→ **Task statement**
Keep to one stretch of the data below, the lines from the one with "(* Let $k\ge2$, $n\ge1$" up to and including the one with "geometric mean, with", and return that stretch exactly.
+++
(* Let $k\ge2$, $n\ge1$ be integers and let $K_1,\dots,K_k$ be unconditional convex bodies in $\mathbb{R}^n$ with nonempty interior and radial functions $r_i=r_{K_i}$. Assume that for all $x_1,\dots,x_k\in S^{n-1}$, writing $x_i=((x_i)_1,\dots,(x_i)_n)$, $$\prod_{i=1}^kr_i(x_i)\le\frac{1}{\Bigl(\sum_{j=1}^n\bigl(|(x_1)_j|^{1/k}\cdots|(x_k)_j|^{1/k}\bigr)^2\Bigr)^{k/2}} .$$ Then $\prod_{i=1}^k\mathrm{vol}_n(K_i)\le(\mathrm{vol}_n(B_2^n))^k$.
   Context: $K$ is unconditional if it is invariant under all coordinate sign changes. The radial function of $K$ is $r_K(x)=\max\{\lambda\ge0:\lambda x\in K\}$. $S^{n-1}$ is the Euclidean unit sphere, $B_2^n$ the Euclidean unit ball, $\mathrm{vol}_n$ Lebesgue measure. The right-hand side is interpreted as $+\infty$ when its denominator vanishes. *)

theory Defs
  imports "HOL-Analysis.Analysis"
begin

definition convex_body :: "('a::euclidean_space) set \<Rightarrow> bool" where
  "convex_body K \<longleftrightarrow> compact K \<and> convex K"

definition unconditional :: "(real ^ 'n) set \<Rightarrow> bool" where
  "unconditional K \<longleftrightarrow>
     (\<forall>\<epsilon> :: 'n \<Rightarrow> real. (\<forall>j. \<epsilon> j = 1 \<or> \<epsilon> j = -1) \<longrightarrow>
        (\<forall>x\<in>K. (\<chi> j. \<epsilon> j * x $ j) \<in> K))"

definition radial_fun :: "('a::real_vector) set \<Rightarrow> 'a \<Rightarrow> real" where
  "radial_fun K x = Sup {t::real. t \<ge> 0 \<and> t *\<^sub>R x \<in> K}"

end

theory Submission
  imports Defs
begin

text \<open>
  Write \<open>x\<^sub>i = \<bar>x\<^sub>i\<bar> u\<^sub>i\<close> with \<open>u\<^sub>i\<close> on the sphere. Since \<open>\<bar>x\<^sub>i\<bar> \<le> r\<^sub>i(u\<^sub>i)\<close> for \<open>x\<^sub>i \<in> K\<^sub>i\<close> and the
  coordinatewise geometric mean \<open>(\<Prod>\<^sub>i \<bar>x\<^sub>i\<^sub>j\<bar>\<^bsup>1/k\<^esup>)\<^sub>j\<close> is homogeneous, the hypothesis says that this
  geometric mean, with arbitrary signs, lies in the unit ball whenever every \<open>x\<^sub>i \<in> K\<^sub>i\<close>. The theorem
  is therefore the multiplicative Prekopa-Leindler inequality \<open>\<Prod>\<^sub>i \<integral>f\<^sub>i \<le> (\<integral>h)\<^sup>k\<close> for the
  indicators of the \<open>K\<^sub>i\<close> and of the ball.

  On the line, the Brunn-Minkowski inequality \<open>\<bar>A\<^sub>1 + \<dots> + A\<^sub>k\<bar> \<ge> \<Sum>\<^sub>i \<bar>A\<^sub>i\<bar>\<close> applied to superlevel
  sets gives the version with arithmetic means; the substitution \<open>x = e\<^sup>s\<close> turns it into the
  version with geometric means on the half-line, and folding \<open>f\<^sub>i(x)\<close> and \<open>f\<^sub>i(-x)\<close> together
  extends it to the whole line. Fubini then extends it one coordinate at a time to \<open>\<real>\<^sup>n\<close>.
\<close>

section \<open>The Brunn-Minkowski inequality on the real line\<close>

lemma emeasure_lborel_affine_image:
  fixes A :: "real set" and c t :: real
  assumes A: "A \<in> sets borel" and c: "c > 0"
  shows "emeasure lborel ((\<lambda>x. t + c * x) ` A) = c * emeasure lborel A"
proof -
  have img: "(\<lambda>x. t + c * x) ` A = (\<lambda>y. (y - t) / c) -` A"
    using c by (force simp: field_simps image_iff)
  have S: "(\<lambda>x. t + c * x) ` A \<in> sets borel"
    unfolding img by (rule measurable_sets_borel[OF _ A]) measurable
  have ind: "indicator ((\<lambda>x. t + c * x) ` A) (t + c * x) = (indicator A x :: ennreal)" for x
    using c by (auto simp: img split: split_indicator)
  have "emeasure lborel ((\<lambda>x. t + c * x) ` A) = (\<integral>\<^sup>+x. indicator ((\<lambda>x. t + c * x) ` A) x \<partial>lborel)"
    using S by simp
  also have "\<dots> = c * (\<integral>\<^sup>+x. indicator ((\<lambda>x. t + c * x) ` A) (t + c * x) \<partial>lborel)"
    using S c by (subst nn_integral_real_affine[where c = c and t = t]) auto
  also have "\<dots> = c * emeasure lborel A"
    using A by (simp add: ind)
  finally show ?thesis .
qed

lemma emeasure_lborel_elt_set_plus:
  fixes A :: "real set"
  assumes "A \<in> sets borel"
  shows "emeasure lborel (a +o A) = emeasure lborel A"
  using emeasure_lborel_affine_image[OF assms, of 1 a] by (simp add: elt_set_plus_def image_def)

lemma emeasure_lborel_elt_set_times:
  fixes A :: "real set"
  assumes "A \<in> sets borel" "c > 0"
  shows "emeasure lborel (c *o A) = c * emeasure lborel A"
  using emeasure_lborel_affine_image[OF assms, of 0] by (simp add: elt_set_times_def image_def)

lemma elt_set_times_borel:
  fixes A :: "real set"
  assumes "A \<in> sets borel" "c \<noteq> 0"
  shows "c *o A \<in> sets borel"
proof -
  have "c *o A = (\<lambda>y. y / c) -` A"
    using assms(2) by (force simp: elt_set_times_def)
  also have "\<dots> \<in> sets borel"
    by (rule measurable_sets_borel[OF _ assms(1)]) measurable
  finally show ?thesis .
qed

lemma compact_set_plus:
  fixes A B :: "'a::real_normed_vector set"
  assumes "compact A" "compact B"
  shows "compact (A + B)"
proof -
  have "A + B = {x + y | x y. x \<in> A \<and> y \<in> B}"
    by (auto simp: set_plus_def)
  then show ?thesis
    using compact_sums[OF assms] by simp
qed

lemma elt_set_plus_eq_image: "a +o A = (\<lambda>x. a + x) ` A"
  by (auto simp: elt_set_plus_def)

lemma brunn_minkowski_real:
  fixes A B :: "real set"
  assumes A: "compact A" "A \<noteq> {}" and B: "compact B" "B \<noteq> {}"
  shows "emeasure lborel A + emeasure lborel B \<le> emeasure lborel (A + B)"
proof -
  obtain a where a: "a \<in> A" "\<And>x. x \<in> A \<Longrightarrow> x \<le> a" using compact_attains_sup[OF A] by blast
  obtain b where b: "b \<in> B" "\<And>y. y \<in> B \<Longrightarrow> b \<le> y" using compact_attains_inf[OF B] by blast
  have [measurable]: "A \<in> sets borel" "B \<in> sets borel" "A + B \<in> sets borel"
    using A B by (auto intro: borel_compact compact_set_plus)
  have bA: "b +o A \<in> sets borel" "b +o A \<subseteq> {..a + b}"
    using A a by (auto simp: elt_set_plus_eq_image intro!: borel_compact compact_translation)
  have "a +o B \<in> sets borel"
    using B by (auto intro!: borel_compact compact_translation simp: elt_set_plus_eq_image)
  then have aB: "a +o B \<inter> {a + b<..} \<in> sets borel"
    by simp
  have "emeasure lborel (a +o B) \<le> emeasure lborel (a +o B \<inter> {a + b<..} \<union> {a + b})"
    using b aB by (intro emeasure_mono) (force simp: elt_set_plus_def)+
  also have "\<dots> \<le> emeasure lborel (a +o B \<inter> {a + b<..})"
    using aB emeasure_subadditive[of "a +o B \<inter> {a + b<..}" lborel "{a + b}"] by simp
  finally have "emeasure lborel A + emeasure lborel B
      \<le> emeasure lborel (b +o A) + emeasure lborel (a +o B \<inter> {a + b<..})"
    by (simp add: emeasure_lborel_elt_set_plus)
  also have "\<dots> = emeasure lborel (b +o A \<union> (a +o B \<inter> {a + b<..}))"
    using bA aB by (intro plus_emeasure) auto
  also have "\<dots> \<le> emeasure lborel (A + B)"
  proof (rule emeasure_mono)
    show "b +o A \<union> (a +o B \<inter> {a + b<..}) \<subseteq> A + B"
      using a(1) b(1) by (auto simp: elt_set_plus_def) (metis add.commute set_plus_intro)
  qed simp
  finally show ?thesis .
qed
+++
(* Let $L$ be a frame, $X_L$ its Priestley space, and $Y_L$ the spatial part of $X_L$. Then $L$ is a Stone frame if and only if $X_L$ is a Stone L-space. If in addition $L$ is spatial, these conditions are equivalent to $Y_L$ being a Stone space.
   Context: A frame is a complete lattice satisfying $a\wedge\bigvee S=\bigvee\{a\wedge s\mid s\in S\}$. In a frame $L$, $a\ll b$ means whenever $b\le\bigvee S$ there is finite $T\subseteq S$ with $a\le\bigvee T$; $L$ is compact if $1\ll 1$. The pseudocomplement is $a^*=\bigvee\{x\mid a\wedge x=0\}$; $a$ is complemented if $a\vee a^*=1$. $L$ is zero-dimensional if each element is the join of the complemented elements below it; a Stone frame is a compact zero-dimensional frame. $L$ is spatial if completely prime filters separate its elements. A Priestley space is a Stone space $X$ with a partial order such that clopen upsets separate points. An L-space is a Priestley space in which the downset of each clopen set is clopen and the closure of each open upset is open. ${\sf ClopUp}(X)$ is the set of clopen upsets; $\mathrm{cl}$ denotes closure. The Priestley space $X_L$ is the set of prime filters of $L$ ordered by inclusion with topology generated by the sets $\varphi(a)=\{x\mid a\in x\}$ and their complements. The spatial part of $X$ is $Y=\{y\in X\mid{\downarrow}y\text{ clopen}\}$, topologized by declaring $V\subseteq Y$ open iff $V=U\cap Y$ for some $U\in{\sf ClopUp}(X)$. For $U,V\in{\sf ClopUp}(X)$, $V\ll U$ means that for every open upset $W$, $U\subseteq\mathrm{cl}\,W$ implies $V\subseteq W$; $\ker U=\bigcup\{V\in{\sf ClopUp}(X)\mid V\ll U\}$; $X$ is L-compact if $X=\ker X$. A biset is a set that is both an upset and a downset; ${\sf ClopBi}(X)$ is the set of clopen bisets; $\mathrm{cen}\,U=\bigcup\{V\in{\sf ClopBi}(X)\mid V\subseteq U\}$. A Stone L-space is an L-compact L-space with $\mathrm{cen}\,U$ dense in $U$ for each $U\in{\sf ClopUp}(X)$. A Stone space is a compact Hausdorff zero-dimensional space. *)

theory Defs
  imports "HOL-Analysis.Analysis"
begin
+++
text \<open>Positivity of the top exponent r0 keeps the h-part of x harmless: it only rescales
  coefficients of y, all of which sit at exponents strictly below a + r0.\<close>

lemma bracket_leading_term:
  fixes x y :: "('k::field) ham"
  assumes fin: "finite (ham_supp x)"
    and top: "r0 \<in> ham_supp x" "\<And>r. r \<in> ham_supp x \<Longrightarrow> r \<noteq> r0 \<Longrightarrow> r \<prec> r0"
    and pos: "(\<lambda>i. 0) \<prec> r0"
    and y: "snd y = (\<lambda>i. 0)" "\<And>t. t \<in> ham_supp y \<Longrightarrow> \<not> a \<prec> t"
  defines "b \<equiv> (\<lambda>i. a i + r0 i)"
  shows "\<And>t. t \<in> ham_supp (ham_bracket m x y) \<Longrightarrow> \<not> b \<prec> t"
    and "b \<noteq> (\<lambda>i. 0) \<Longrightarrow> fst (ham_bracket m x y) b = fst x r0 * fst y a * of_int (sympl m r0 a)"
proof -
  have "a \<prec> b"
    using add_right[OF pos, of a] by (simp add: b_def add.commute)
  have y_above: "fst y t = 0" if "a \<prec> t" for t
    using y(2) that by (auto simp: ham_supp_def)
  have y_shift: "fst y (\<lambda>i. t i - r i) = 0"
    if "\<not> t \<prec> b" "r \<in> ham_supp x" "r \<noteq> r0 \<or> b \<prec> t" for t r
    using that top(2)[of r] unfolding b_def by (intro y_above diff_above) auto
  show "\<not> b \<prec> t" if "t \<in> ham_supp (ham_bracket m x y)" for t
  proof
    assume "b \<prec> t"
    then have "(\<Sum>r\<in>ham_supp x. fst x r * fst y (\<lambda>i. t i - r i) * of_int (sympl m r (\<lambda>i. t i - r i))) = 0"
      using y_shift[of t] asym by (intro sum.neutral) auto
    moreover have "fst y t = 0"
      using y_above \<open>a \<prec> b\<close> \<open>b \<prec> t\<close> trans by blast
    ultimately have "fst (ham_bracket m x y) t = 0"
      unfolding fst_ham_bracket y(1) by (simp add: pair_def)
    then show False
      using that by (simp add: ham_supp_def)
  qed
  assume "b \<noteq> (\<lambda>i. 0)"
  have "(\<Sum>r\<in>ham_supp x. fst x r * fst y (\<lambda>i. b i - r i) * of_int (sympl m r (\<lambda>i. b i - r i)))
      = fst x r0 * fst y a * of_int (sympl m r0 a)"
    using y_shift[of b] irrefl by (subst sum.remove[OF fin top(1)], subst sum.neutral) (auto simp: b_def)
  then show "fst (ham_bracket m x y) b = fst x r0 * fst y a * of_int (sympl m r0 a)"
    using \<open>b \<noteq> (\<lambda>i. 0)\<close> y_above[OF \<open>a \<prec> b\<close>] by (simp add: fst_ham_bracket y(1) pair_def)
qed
+++
→ **Response below**
(* Let $k\ge2$, $n\ge1$ be integers and let $K_1,\dots,K_k$ be unconditional convex bodies in $\mathbb{R}^n$ with nonempty interior and radial functions $r_i=r_{K_i}$. Assume that for all $x_1,\dots,x_k\in S^{n-1}$, writing $x_i=((x_i)_1,\dots,(x_i)_n)$, $$\prod_{i=1}^kr_i(x_i)\le\frac{1}{\Bigl(\sum_{j=1}^n\bigl(|(x_1)_j|^{1/k}\cdots|(x_k)_j|^{1/k}\bigr)^2\Bigr)^{k/2}} .$$ Then $\prod_{i=1}^k\mathrm{vol}_n(K_i)\le(\mathrm{vol}_n(B_2^n))^k$.
   Context: $K$ is unconditional if it is invariant under all coordinate sign changes. The radial function of $K$ is $r_K(x)=\max\{\lambda\ge0:\lambda x\in K\}$. $S^{n-1}$ is the Euclidean unit sphere, $B_2^n$ the Euclidean unit ball, $\mathrm{vol}_n$ Lebesgue measure. The right-hand side is interpreted as $+\infty$ when its denominator vanishes. *)

theory Defs
  imports "HOL-Analysis.Analysis"
begin

definition convex_body :: "('a::euclidean_space) set \<Rightarrow> bool" where
  "convex_body K \<longleftrightarrow> compact K \<and> convex K"

definition unconditional :: "(real ^ 'n) set \<Rightarrow> bool" where
  "unconditional K \<longleftrightarrow>
     (\<forall>\<epsilon> :: 'n \<Rightarrow> real. (\<forall>j. \<epsilon> j = 1 \<or> \<epsilon> j = -1) \<longrightarrow>
        (\<forall>x\<in>K. (\<chi> j. \<epsilon> j * x $ j) \<in> K))"

definition radial_fun :: "('a::real_vector) set \<Rightarrow> 'a \<Rightarrow> real" where
  "radial_fun K x = Sup {t::real. t \<ge> 0 \<and> t *\<^sub>R x \<in> K}"

end

theory Submission
  imports Defs
begin

text \<open>
  Write \<open>x\<^sub>i = \<bar>x\<^sub>i\<bar> u\<^sub>i\<close> with \<open>u\<^sub>i\<close> on the sphere. Since \<open>\<bar>x\<^sub>i\<bar> \<le> r\<^sub>i(u\<^sub>i)\<close> for \<open>x\<^sub>i \<in> K\<^sub>i\<close> and the
  coordinatewise geometric mean \<open>(\<Prod>\<^sub>i \<bar>x\<^sub>i\<^sub>j\<bar>\<^bsup>1/k\<^esup>)\<^sub>j\<close> is homogeneous, the hypothesis says that this
  geometric mean, with arbitrary signs, lies in the unit ball whenever every \<open>x\<^sub>i \<in> K\<^sub>i\<close>. The theorem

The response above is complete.